Key Terms: Structure, Managerial ownership, Concentrates ownership, Institutional ownership,
Foreign ownership, Firm Performance, ROA, and BSE
ISSN: 2289-4519 Page 22
1. INTRODUCTION
The purpose of this research is to examine the impact of ownership structures on firm
performance in Indian textile, oil marketing and distribution and movies and entertainment
sector registered in Bombay stock exchange. Ownership structure is an important factor which
affects a firm’s movement especially its health (Zeitun & Tian, 2007). Berle and Mean (1932)
are the pioneers of studying ownership structure which they conducted in United States
corporate law where they hypothesize that an inverse correlation should be observed between
the diffuseness of shareholdings and firm performance. From the conflicts of interest between
controllers and managers, it was concluded that with increasing ownership diffusion, the
authority of the shareholders to control management is minimized (Berle & Mean, 1932).

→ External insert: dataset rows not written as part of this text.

(* Let $\epsilon=(\epsilon_n)\in(0,1]^{\mathbb{N}}$ and $\omega\in\beta\mathbb{N}$. The complete residue field $\mathscr{H}(\omega)$ is algebraically closed and spherically complete, and $|\mathscr{H}(\omega)|=\mathbb{R}_+$. Moreover: (1) if $e=\lim_\omega\epsilon_n>0$, then $\mathscr{H}(\omega)$ is isometric to $(\mathbb{C},|\cdot|^e)$, hence is an Archimedean metrized field; (2) if $\lim_\omega\epsilon_n=0$, then $\mathscr{H}(\omega)$ is a non-Archimedean metrized field.
   Context: $A^\epsilon=\{(x_n)\in\mathbb{C}^{\mathbb{N}}:\sup_n|x_n|^{\epsilon_n}<\infty\}$ with norm $\|x\|=\sup_n|x_n|^{\epsilon_n}$ ($|\cdot|$ the Euclidean norm). $\beta\mathbb{N}$ is the set of ultrafilters on $\mathbb{N}$; for $\omega\in\beta\mathbb{N}$, $\lim_\omega$ denotes the limit along $\omega$. Each $\omega$ defines the bounded multiplicative seminorm $|x|_\omega=\lim_\omega|x_n|^{\epsilon_n}$ on $A^\epsilon$, with kernel $\ker(\omega)=\{x:\lim_\omega|x_n|^{\epsilon_n}=0\}$; $\mathscr{H}(\omega)$ is the completion of the fraction field of $A^\epsilon/\ker(\omega)$ for the induced norm. A metrized field is spherically complete if every decreasing sequence of closed balls has nonempty intersection. *)

theory Defs
  imports "HOL-Analysis.Analysis" "HOL-Algebra.Algebraic_Closure"
begin

type_synonym cseq = "nat \<Rightarrow> complex"
type_synonym frac = "cseq \<times> cseq"   \<comment> \<open>a pair (a,b) stands for the fraction a/b\<close>

definition Aeps :: "(nat \<Rightarrow> real) \<Rightarrow> cseq set" where
  "Aeps eps = {x. bdd_above (range (\<lambda>n. cmod (x n) powr eps n))}"

text \<open>Ultrafilters on nat (the points of beta N), as filters.\<close>

definition is_ultrafilter :: "nat filter \<Rightarrow> bool" where
  "is_ultrafilter F \<longleftrightarrow> F \<noteq> bot \<and> (\<forall>P. eventually P F \<or> eventually (\<lambda>n. \<not> P n) F)"

definition omega_sn :: "(nat \<Rightarrow> real) \<Rightarrow> nat filter \<Rightarrow> cseq \<Rightarrow> real" where
  "omega_sn eps w x = Lim w (\<lambda>n. cmod (x n) powr eps n)"

definition omega_ker :: "(nat \<Rightarrow> real) \<Rightarrow> nat filter \<Rightarrow> cseq set" where
  "omega_ker eps w = {x \<in> Aeps eps. omega_sn eps w x = 0}"

text \<open>Fractions a/b with a, b in A^eps and b not in ker(omega), with the induced norm.
  (Fractions are identified later, inside the completion, via distance zero.)\<close>

definition fracs :: "(nat \<Rightarrow> real) \<Rightarrow> nat filter \<Rightarrow> frac set" where
  "fracs eps w = {(a, b). a \<in> Aeps eps \<and> b \<in> Aeps eps \<and> b \<notin> omega_ker eps w}"

definition fadd :: "frac \<Rightarrow> frac \<Rightarrow> frac" where
  "fadd p q = (\<lambda>n. fst p n * snd q n + fst q n * snd p n, \<lambda>n. snd p n * snd q n)"

definition fmul :: "frac \<Rightarrow> frac \<Rightarrow> frac" where
  "fmul p q = (\<lambda>n. fst p n * fst q n, \<lambda>n. snd p n * snd q n)"

definition fneg :: "frac \<Rightarrow> frac" where
  "fneg p = (\<lambda>n. - fst p n, snd p)"

definition fnorm :: "(nat \<Rightarrow> real) \<Rightarrow> nat filter \<Rightarrow> frac \<Rightarrow> real" where
  "fnorm eps w p = omega_sn eps w (fst p) / omega_sn eps w (snd p)"

definition fdist :: "(nat \<Rightarrow> real) \<Rightarrow> nat filter \<Rightarrow> frac \<Rightarrow> frac \<Rightarrow> real" where
  "fdist eps w p q = fnorm eps w (fadd p (fneg q))"

definition hcauchy :: "(nat \<Rightarrow> real) \<Rightarrow> nat filter \<Rightarrow> (nat \<Rightarrow> frac) \<Rightarrow> bool" where
  "hcauchy eps w s \<longleftrightarrow> (\<forall>k. s k \<in> fracs eps w) \<and>
     (\<forall>d>0. \<exists>N. \<forall>m\<ge>N. \<forall>n\<ge>N. fdist eps w (s m) (s n) < d)"

definition hclass :: "(nat \<Rightarrow> real) \<Rightarrow> nat filter \<Rightarrow> (nat \<Rightarrow> frac) \<Rightarrow> (nat \<Rightarrow> frac) set" where
  "hclass eps w s = {t. hcauchy eps w t \<and> (\<lambda>k. fdist eps w (s k) (t k)) \<longlonglongrightarrow> 0}"

definition hrep :: "(nat \<Rightarrow> frac) set \<Rightarrow> nat \<Rightarrow> frac" where
  "hrep U = (SOME s. s \<in> U)"

definition Hcarrier :: "(nat \<Rightarrow> real) \<Rightarrow> nat filter \<Rightarrow> (nat \<Rightarrow> frac) set set" where
  "Hcarrier eps w = {hclass eps w s | s. hcauchy eps w s}"

definition H :: "(nat \<Rightarrow> real) \<Rightarrow> nat filter \<Rightarrow> (nat \<Rightarrow> frac) set ring" where
  "H eps w = \<lparr>carrier = Hcarrier eps w,
      mult = (\<lambda>U V. hclass eps w (\<lambda>k. fmul (hrep U k) (hrep V k))),
      one = hclass eps w (\<lambda>k. (\<lambda>n. 1, \<lambda>n. 1)),
      zero = hclass eps w (\<lambda>k. (\<lambda>n. 0, \<lambda>n. 1)),
      add = (\<lambda>U V. hclass eps w (\<lambda>k. fadd (hrep U k) (hrep V k)))\<rparr>"

definition Hnorm :: "(nat \<Rightarrow> real) \<Rightarrow> nat filter \<Rightarrow> (nat \<Rightarrow> frac) set \<Rightarrow> real" where
  "Hnorm eps w U = lim (\<lambda>k. fnorm eps w (hrep U k))"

Previous studies in India has been done by Singh and Gaur (2009) on corporate
sector, Srivastava (2011) on actively listed company constitute the bulk of trading and Nazir
and Malhotra (2016) on corporate governance. While globally the studies in this topic done by
Gedajlovic and Shapiro (2002) on financial performance of Japanese corporations; Grant and
Kirchmaier (2004) in Europe corporate governance industry; Karaca and Ekşi (2012)in
manufacturing industry on the Istanbul stock exchange. Mostly researches has been done in
corporate governance sector and the common variables used are ROI, ROE and ROA (Kaur &
Gill, 2008; Srivastava, 2011;Nazir & Malhotra, 2016).
The interest conflict between a firm’s managers and owners influence the decision
made by themselves which leave impacts on company performances. Undeniable, when the
control of a company is separate from its ownership, agents either managers may not generally
act to the best interest of its shareholders (Bonazzi & Islam, 2006). Moreover, the issue of
ownership structure on firm performance within any company has become a serious discussion
in corporate governance for decades as the problem of “separation of ownership from control”
always arises within organization in different types of ownership structures (Srivastava, 2011).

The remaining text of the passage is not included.